lemma integral_atLeastAtMost_empty: "b \<le> a \<Longrightarrow> integral {a..b} (f :: real \<Rightarrow> real) = 0"
  by (metis atLeastatMost_empty' content_real_eq_0 integral_null interval_cbox le_less)

definition signed_integral :: "(real \<Rightarrow> real) \<Rightarrow> real \<Rightarrow> real" where
  "signed_integral f x = integral {0..x} f - integral {x..0} f"

lemma integral_eq_signed_integral_diff:
  fixes f :: "real \<Rightarrow> real"
  assumes f: "continuous_on UNIV f" and "x \<le> y"
  shows "integral {x..y} f = signed_integral f y - signed_integral f x"
proof -
  have int: "f integrable_on {a..b}" for a b
    by (meson f continuous_on_subset integrable_continuous_interval subset_UNIV)
  consider "0 \<le> x" | "x < 0" "0 \<le> y" | "y < 0" by linarith
  then show ?thesis
  proof cases
    case 1
    then show ?thesis
      using Henstock_Kurzweil_Integration.integral_combine[OF 1 \<open>x \<le> y\<close> int] \<open>x \<le> y\<close>
        integral_atLeastAtMost_empty[of 0 x f] integral_atLeastAtMost_empty[of 0 y f]
      unfolding signed_integral_def by simp
  next
    case 2
    then show ?thesis
      using Henstock_Kurzweil_Integration.integral_combine[of x 0 y f] int
        integral_atLeastAtMost_empty[of 0 y f] integral_atLeastAtMost_empty[of x 0 f]
      unfolding signed_integral_def by simp
  next
    case 3
    then show ?thesis
      using Henstock_Kurzweil_Integration.integral_combine[of x y 0 f] int \<open>x \<le> y\<close>
        integral_atLeastAtMost_empty[of y 0 f] integral_atLeastAtMost_empty[of x 0 f]
      unfolding signed_integral_def by simp
  qed
qed

lemma continuous_on_signed_integral:
  fixes f :: "real \<Rightarrow> real"
  assumes f: "continuous_on UNIV f"
  shows "continuous_on UNIV (signed_integral f)"
proof (rule continuous_at_imp_continuous_on, intro ballI)
  fix x :: real
  define n where "n = \<bar>x\<bar> + 1"
  have "continuous_on {-n..n} (\<lambda>y. signed_integral f (-n) + integral {-n..y} f)"
    using f by (intro continuous_intros indefinite_integral_continuous_1 integrable_continuous_interval)
      (auto intro: continuous_on_subset)
  moreover have "signed_integral f (-n) + integral {-n..y} f = signed_integral f y" if "y \<in> {-n..n}" for y
    using that integral_eq_signed_integral_diff[OF f, of "-n" y] by simp
  ultimately have "continuous_on {-n..n} (signed_integral f)"
    using continuous_on_eq by blast
  moreover have "x \<in> interior {-n..n}" unfolding n_def by auto
  ultimately show "isCont (signed_integral f) x" using continuous_on_interior by blast
qed

lemma continuous_on_integral_between:
  fixes f a b :: "real \<Rightarrow> real"
  assumes f: "continuous_on UNIV f" and a: "continuous_on UNIV a" and b: "continuous_on UNIV b"
  shows "continuous_on UNIV (\<lambda>s. integral {a s..b s} f)"
proof -
  have "integral {a s..b s} f = signed_integral f (max (a s) (b s)) - signed_integral f (a s)" for s
    using integral_eq_signed_integral_diff[OF f, of "a s" "b s"]
    by (cases "a s \<le> b s") (simp_all add: integral_atLeastAtMost_empty)
  moreover have "continuous_on UNIV (\<lambda>s. signed_integral f (max (a s) (b s)) - signed_integral f (a s))"
    by (intro continuous_intros continuous_on_compose2[OF continuous_on_signed_integral[OF f]] a b) auto
  ultimately show ?thesis by simp
qed

lemma integral_abs_le_exp_decay:
  fixes g :: "real \<Rightarrow> real"
  assumes \<delta>: "\<delta> > 0" and t: "0 \<le> t" and "0 \<le> a" "0 \<le> c"
    and g: "\<And>s. s \<in> {0..t} \<Longrightarrow> \<bar>g s\<bar> \<le> exp (- \<delta> * (t - s)) * a + c"
  shows "\<bar>integral {0..t} g\<bar> \<le> a / \<delta> + c * t"
proof -
  define b where "b s = exp (- \<delta> * (t - s)) * a + c" for s
  define E where "E s = exp (- \<delta> * (t - s)) / \<delta>" for s
  have "((\<lambda>s. exp (- \<delta> * (t - s))) has_integral E t - E 0) {0..t}"
  proof (rule fundamental_theorem_of_calculus[OF t])
    fix s
    have "(E has_real_derivative exp (- \<delta> * (t - s))) (at s within {0..t})"
      unfolding E_def using \<delta> by (auto intro!: derivative_eq_intros)
    then show "(E has_vector_derivative exp (- \<delta> * (t - s))) (at s within {0..t})"
      by (simp add: has_real_derivative_iff_has_vector_derivative)
  qed
  then have "((\<lambda>s. exp (- \<delta> * (t - s))) has_integral (1 - exp (- \<delta> * t)) / \<delta>) {0..t}"
    by (simp add: E_def diff_divide_distrib)
  then have b: "(b has_integral (1 - exp (- \<delta> * t)) / \<delta> * a + c * t) {0..t}"
    unfolding b_def using t has_integral_const_real[of c 0 t]
    by (intro has_integral_add has_integral_mult_left) (auto simp: mult.commute)
  have "\<bar>integral {0..t} g\<bar> \<le> integral {0..t} b"
  proof (cases "g integrable_on {0..t}")
    case True
    then show ?thesis
      using integral_norm_bound_integral[OF True has_integral_integrable[OF b]] g
      unfolding b_def by simp
  next
    case False
    then show ?thesis
      using integral_nonneg_real[of "{0..t}" b] assms(3,4) by (simp add: b_def not_integrable_integral)
  qed
  also have "\<dots> = (1 - exp (- \<delta> * t)) / \<delta> * a + c * t"
    using b by (rule integral_unique)
  also have "\<dots> \<le> a / \<delta> + c * t"
  proof -
    have "(1 - exp (- \<delta> * t)) * a \<le> a"
      using \<open>0 \<le> a\<close> by (simp add: algebra_simps)
    then show ?thesis using \<delta> by (simp add: divide_right_mono)
  qed
  finally show ?thesis .
qed

lemma Sup_tendsto_0_if_uniformly_small:
  fixes f :: "'a \<Rightarrow> 'b \<Rightarrow> real"
  assumes "\<And>e. e > 0 \<Longrightarrow> eventually (\<lambda>t. \<forall>x. P t x \<longrightarrow> \<bar>f t x\<bar> \<le> e) F"
    and "eventually (\<lambda>t. \<exists>x. P t x) F"
  shows "((\<lambda>t. Sup {f t x | x. P t x}) \<longlongrightarrow> 0) F"
proof (rule tendstoI)
  fix e :: real
  assume "e > 0"
  then have "e / 2 > 0" by simp
  from assms(1)[OF this] assms(2)
  show "eventually (\<lambda>t. dist (Sup {f t x | x. P t x}) 0 < e) F"
  proof eventually_elim
    case (elim t)
    then obtain x0 where "P t x0" by blast
    have bdd: "bdd_above {f t x | x. P t x}"
      using elim(1) by (intro bdd_aboveI[of _ "e / 2"]) auto
    have "Sup {f t x | x. P t x} \<le> e / 2"
      using elim(1) \<open>P t x0\<close> by (intro cSup_least) auto
    moreover have "f t x0 \<le> Sup {f t x | x. P t x}"
      using \<open>P t x0\<close> bdd by (intro cSup_upper) auto
    moreover have "- (e / 2) \<le> f t x0"
      using elim(1) \<open>P t x0\<close> by fastforce
    ultimately show ?case using \<open>e > 0\<close> by (simp add: dist_real_def)
  qed
qed

lemma eventually_le_if_Sup_tendsto_0:
  fixes f :: "'a \<Rightarrow> 'b \<Rightarrow> real"
  assumes "((\<lambda>t. Sup {f t x | x. P t x}) \<longlongrightarrow> 0) F"
    and "eventually (\<lambda>t. bdd_above {f t x | x. P t x}) F" and "e > 0"
  shows "eventually (\<lambda>t. \<forall>x. P t x \<longrightarrow> f t x \<le> e) F"
  using order_tendstoD(2)[OF assms(1) assms(3)] assms(2)
proof eventually_elim
  case (elim t)
  then show ?case
    by (metis (mono_tags, lifting) cSup_upper dual_order.trans less_imp_le mem_Collect_eq)
qed

lemma borel_measurable_pair_continuous_on:
  fixes f :: "real \<times> real \<Rightarrow> real"
  shows "continuous_on UNIV f \<Longrightarrow> f \<in> borel_measurable (borel \<Otimes>\<^sub>M borel)"
  using borel_measurable_continuous_onI borel_prod by metis

section \<open>The heat semigroup\<close>

definition heat_kernel :: "real \<Rightarrow> real \<Rightarrow> real \<Rightarrow> real" where
  "heat_kernel A x y = exp (- ((x - y)\<^sup>2) / (4 * A)) / sqrt (4 * pi * A)"

lemma heat_kernel_eq_normal_density:
  assumes "A > 0"
  shows "heat_kernel A x y = normal_density x (sqrt (2 * A)) y"
proof -
  have "(sqrt (2 * A))\<^sup>2 = 2 * A" "(y - x)\<^sup>2 = (x - y)\<^sup>2"
    using assms by (simp_all add: power2_commute)
  then show ?thesis
    unfolding normal_density_def heat_kernel_def by (simp add: field_simps)
qed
────────────────
**YOUR GOAL:** Show every line above in which the word "also" occurs.

**RESPONSE:**
  also have "\<dots> = (1 - exp (- \<delta> * t)) / \<delta> * a + c * t"
  also have "\<dots> \<le> a / \<delta> + c * t"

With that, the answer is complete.